_TASK ITEM_
Word for word, transcribe the data below from the line with "obtains x y" to the line with "then obtain x", keeping both of those lines.

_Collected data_

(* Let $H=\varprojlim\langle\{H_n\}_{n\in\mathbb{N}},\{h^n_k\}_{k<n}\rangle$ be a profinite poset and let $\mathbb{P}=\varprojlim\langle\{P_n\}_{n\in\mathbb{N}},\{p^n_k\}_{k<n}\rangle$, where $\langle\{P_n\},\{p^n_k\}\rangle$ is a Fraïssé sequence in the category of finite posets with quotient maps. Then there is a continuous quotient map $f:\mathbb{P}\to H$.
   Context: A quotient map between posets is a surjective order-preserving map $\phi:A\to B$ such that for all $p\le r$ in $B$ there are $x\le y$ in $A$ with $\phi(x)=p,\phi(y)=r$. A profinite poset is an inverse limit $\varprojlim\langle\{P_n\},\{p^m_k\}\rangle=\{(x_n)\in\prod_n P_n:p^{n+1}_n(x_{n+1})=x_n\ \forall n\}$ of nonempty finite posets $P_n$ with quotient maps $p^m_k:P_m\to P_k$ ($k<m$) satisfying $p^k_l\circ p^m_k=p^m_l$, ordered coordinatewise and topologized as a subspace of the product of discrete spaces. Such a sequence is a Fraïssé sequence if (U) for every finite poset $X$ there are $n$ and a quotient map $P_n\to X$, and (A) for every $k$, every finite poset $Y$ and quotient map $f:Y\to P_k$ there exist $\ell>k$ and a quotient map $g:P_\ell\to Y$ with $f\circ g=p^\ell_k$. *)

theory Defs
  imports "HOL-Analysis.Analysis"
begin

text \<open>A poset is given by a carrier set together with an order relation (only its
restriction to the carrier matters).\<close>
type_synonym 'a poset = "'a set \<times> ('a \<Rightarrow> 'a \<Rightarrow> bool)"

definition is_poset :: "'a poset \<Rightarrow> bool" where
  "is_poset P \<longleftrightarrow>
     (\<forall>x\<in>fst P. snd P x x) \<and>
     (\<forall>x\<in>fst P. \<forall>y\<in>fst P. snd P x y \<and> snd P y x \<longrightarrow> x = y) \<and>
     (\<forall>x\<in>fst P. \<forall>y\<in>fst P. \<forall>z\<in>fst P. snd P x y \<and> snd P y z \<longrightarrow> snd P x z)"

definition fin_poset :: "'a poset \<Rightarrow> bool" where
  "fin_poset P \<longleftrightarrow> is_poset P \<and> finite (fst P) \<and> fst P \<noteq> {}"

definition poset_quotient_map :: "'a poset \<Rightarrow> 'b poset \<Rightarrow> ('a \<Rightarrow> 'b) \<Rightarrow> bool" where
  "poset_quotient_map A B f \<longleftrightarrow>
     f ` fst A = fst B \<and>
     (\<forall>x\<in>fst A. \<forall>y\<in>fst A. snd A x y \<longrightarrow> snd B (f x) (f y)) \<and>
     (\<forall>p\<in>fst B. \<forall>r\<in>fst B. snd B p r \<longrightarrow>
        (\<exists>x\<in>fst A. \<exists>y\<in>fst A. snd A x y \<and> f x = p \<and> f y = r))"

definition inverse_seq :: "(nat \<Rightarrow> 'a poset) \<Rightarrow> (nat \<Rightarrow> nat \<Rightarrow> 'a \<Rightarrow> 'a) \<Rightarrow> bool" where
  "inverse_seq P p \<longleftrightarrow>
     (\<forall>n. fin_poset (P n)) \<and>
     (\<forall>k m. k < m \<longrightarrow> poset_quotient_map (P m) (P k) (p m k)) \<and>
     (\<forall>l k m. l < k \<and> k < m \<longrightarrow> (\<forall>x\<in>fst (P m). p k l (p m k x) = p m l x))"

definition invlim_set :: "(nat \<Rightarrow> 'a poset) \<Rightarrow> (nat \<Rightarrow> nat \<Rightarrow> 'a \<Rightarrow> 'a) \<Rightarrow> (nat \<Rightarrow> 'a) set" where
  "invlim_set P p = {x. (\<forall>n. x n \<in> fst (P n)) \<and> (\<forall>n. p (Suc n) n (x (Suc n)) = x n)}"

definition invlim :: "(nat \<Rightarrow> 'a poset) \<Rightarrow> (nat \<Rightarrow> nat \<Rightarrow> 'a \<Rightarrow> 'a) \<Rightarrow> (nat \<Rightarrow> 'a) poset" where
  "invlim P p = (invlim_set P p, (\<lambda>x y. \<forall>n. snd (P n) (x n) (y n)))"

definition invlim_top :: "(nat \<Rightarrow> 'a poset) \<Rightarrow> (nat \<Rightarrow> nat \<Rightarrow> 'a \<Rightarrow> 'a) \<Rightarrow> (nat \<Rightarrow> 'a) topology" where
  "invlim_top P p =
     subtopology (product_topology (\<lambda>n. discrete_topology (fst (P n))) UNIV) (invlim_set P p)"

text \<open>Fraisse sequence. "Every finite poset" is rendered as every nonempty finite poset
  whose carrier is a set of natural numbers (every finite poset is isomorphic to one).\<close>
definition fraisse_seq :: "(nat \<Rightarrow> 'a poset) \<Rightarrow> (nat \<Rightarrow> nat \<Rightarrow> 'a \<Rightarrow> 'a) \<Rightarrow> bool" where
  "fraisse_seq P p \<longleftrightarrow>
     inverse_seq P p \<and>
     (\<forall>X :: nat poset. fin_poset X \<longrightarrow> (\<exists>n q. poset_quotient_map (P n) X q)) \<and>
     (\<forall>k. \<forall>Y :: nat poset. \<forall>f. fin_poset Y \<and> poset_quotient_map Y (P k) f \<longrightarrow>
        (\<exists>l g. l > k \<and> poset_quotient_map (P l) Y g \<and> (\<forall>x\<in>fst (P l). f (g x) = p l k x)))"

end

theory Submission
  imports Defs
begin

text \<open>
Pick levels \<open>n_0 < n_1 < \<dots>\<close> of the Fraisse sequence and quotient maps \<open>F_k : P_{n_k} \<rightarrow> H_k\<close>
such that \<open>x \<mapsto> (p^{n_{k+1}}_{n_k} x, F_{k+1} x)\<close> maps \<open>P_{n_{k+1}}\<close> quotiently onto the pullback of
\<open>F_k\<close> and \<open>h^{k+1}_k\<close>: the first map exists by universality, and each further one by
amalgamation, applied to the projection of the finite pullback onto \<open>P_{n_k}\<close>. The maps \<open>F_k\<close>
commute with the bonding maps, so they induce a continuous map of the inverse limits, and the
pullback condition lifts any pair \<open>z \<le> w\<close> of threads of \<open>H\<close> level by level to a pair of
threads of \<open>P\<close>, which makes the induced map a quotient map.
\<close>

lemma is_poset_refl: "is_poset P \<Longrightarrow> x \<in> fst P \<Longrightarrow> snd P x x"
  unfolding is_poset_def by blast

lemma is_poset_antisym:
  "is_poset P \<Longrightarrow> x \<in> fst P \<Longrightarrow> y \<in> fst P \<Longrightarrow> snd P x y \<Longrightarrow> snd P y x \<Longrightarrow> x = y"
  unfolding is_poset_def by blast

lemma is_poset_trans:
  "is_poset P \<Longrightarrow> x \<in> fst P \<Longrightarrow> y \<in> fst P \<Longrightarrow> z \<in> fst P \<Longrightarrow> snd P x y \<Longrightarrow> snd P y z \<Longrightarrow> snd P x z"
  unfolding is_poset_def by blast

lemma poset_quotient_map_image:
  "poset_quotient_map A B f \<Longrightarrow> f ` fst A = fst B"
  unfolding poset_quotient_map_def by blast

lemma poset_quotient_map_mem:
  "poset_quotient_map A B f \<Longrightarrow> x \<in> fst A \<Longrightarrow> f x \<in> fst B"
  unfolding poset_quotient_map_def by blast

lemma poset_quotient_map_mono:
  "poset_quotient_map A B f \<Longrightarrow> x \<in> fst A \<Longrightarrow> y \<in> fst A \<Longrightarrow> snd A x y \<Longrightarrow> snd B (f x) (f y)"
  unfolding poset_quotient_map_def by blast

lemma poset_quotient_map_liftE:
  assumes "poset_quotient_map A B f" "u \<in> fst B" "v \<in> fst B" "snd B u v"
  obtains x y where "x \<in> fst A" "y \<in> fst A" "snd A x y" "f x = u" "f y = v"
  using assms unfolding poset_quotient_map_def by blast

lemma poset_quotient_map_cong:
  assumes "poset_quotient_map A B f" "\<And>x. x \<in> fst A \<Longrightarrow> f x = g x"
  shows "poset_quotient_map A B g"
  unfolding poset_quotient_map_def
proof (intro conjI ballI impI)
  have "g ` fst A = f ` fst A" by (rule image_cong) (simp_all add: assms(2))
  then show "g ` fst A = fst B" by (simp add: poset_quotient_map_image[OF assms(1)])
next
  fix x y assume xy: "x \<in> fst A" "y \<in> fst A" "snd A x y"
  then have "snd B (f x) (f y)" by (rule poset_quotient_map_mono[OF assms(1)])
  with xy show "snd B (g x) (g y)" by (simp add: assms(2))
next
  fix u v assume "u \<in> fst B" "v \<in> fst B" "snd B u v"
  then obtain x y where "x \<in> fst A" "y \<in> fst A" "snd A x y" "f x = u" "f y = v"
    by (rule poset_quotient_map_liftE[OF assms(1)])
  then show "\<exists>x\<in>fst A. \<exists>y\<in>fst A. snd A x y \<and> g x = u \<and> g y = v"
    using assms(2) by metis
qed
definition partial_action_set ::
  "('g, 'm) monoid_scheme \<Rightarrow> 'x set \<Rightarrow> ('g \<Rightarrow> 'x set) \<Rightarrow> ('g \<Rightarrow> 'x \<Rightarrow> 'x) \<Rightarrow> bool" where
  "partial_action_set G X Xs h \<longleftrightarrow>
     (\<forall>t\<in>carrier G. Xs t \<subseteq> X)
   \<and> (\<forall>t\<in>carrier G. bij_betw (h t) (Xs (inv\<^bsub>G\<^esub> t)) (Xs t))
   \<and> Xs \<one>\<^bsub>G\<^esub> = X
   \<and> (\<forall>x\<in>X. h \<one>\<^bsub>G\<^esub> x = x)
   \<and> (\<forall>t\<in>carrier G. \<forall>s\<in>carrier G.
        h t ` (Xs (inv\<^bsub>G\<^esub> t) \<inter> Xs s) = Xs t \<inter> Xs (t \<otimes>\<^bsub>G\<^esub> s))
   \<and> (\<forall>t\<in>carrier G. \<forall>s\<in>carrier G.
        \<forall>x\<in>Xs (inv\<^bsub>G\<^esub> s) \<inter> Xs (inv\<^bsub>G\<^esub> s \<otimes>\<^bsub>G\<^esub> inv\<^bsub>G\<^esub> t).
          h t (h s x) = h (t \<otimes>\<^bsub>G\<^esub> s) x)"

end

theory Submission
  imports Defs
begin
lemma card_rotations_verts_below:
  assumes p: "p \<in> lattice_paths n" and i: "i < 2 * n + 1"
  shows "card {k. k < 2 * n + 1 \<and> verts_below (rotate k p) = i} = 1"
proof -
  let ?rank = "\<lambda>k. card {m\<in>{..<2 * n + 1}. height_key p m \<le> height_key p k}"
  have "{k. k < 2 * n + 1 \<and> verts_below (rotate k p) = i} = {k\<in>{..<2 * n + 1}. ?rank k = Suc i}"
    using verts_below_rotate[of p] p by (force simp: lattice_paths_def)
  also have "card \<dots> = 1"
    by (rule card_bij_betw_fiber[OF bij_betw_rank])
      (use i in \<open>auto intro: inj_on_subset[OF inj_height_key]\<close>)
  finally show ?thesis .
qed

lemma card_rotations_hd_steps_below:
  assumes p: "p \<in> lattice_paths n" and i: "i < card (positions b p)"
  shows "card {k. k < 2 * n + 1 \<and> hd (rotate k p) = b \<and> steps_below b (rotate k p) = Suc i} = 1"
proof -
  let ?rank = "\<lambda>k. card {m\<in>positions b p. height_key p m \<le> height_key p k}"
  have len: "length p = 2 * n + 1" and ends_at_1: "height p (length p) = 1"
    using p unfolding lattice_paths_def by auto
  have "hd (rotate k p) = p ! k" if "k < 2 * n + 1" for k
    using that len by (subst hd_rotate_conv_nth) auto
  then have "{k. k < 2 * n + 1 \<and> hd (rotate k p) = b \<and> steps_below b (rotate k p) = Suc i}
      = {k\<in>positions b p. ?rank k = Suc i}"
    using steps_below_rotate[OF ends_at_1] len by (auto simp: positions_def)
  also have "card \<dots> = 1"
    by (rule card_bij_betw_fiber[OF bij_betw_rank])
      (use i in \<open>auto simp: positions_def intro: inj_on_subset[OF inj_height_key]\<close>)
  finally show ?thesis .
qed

_RESULT OF THIS TASK_
  obtains x y where "x \<in> fst A" "y \<in> fst A" "snd A x y" "f x = u" "f y = v"
  using assms unfolding poset_quotient_map_def by blast

lemma poset_quotient_map_cong:
  assumes "poset_quotient_map A B f" "\<And>x. x \<in> fst A \<Longrightarrow> f x = g x"
  shows "poset_quotient_map A B g"
  unfolding poset_quotient_map_def
proof (intro conjI ballI impI)
  have "g ` fst A = f ` fst A" by (rule image_cong) (simp_all add: assms(2))
  then show "g ` fst A = fst B" by (simp add: poset_quotient_map_image[OF assms(1)])
next
  fix x y assume xy: "x \<in> fst A" "y \<in> fst A" "snd A x y"
  then have "snd B (f x) (f y)" by (rule poset_quotient_map_mono[OF assms(1)])
  with xy show "snd B (g x) (g y)" by (simp add: assms(2))
next
  fix u v assume "u \<in> fst B" "v \<in> fst B" "snd B u v"
  then obtain x y where "x \<in> fst A" "y \<in> fst A" "snd A x y" "f x = u" "f y = v"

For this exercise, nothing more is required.